**ASSIGNED TASK**
The answer should consist of each line from the data below that includes "blast".

(Records drawn from a dataset)
text \<open>Near a point of a fibre of maximal cardinality, every fibre meets each bump
  exactly once, so a single bump is isolated on it.\<close>
lemma bump_locally_dominated:
  assumes max: "\<And>x. card (fibre x) \<le> card (fibre x0)"
    and b: "disjoint_bumps (fibre x0) b" and "i \<in> fibre x0"
  obtains U where "open U" and "i \<in> U"
    and "\<And>y g. y \<in> U \<Longrightarrow> nonneg_fun g \<Longrightarrow> P (b i) y * g y \<le> P g y"
proof
  let ?Z = "fibre x0"
  define U where "U = {y. 0 < b i y} \<inter> (\<Inter>j\<in>?Z. {y. 0 < P (b j) y})"
  have "open {y. 0 < P (b j) y}" for j
    by (intro open_Collect_less) auto
  then show "open U"
    unfolding U_def using finite_fibre by (intro open_Int open_INT open_Collect_less) auto
  have "0 < P (b j) i" if "j \<in> ?Z" for j
  proof -
    have "\<alpha> * b j j \<le> P (b j) j"
      using b that by (intro P_ge_alpha) (simp add: disjoint_bumps_def nonneg_fun_def)
    moreover have "P (b j) i = P (b j) j"
      using \<open>i \<in> ?Z\<close> that by (simp add: P_eq_on_fibre)
    ultimately show ?thesis
      using b that alpha_pos by (simp add: disjoint_bumps_def)
  qed
  then show "i \<in> U"
    using b \<open>i \<in> ?Z\<close> by (simp add: U_def disjoint_bumps_def)
  fix y and g :: "'a \<Rightarrow>\<^sub>C real" assume "y \<in> U" and g: "nonneg_fun g"
  have meets: "fibre y \<inter> {w. b j w \<noteq> 0} \<noteq> {}" if "j \<in> ?Z" for j
  proof
    assume "fibre y \<inter> {w. b j w \<noteq> 0} = {}"
    then have "P (b j) y = 0"
      by (intro P_eq_zero_if_vanishes_on_fibre) blast
    with \<open>y \<in> U\<close> that show False
      by (auto simp: U_def)
  qed
  have "fibre y \<inter> {w. b i w \<noteq> 0} = {y}"
    using b \<open>i \<in> ?Z\<close> \<open>y \<in> U\<close> max[of y] meets
    by (intro inter_eq_singleton_if_meets_disjoint_family[where Z = ?Z])
      (auto simp: finite_fibre mem_fibre_self disjoint_bumps_def U_def)
  then show "P (b i) y * g y \<le> P g y"
    using b \<open>i \<in> ?Z\<close> g by (intro P_mult_le_if_isolated) (auto simp: disjoint_bumps_def)
qed

lemma alpha_eq_inverse_nat:
  assumes diag: "\<And>f. op_le (\<lambda>g. 0) (mult_op f) \<Longrightarrow> op_le (mult_op f) P \<Longrightarrow> norm f \<le> \<alpha>"
  shows "\<exists>n::nat. n \<ge> 1 \<and> \<alpha> = 1 / real n"
proof -
  obtain x0 where max: "\<And>x. card (fibre x) \<le> card (fibre x0)"
    using exists_fibre_of_max_card by blast
  define Z where "Z = fibre x0"
  have Z: "finite Z" "x0 \<in> Z"
    by (simp_all add: Z_def finite_fibre mem_fibre_self)
  obtain b where b: "disjoint_bumps Z b"
    using disjoint_bumps_exist[OF compact_UNIV Z(1)] .
  have bump_le: "P (b i) x0 \<le> \<alpha>" if i: "i \<in> Z" for i
  proof -
    obtain U where "open U" "i \<in> U" "\<And>y g. y \<in> U \<Longrightarrow> nonneg_fun g \<Longrightarrow> P (b i) y * g y \<le> P g y"
      by (rule bump_locally_dominated[OF max b[unfolded Z_def] i[unfolded Z_def]]) blast
    then obtain f where "op_le (\<lambda>g. 0) (mult_op f)" "op_le (mult_op f) P" "P (b i) i \<le> f i"
      by (rule mult_op_below_P_exists)
    moreover have "f i \<le> norm f"
      using norm_bounded[of f i] by simp
    ultimately have "P (b i) i \<le> \<alpha>"
      using diag by fastforce
    then show ?thesis
      using i by (simp add: Z_def P_eq_on_fibre)
  qed
  have "P (sum b Z) x0 = P (const_bcontfun 1) x0"
  proof (rule P_eq_if_eq_on_fibre)
    fix u assume "u \<in> fibre x0"
    then show "sum b Z u = const_bcontfun 1 u"
      using sum_disjoint_bumps_eq_one[OF Z(1) b] by (simp add: Z_def sum_apply_bcontfun)
  qed
  then have "1 = (\<Sum>i\<in>Z. P (b i) x0)"
    by (simp add: unital P_sum sum_apply_bcontfun)
  also have "\<dots> \<le> real (card Z) * \<alpha>"
    using sum_bounded_above[of Z "\<lambda>i. P (b i) x0" \<alpha>] bump_le by simp
  finally have "real (card Z) * \<alpha> = 1"
    using card_mult_alpha_le_one[of Z x0] Z(1) by (simp add: Z_def)
  moreover have "card Z \<ge> 1"
    using Z by (simp add: Suc_le_eq card_gt_0_iff) blast
  ultimately show ?thesis
    by (intro exI[of _ "card Z"]) (simp add: field_simps)
qed

end

theorem theorem2p1:
  fixes P :: "('a::t2_space \<Rightarrow>\<^sub>C real) \<Rightarrow> ('a \<Rightarrow>\<^sub>C real)"
    and \<alpha> :: real
  assumes "compact (UNIV :: 'a set)"
    and "linear P"
    and "\<And>f. P (P f) = P f"
    and "positive_op P"
    and "P (const_bcontfun 1) = const_bcontfun 1"
    and "\<alpha> \<ge> 0"
    and "op_le (\<lambda>g. \<alpha> *\<^sub>R g) P"
    and "\<And>f. op_le (\<lambda>g. 0) (mult_op f) \<Longrightarrow> op_le (mult_op f) P \<Longrightarrow> norm f \<le> \<alpha>"
  shows "\<alpha> = 0 \<or> (\<exists>n::nat. n \<ge> 1 \<and> \<alpha> = 1 / real n)"
proof (cases "\<alpha> = 0")
  case False
  with assms have "lower_bounded_projection P \<alpha>"
    by (intro lower_bounded_projection.intro positive_unital_projection.intro
        lower_bounded_projection_axioms.intro) auto
  then show ?thesis
    using lower_bounded_projection.alpha_eq_inverse_nat assms(8) by blast
qed simp

end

**YOUR RESPONSE**
      by (intro P_eq_zero_if_vanishes_on_fibre) blast
    using exists_fibre_of_max_card by blast
      by (rule bump_locally_dominated[OF max b[unfolded Z_def] i[unfolded Z_def]]) blast
    using Z by (simp add: Suc_le_eq card_gt_0_iff) blast
    using lower_bounded_projection.alpha_eq_inverse_nat assms(8) by blast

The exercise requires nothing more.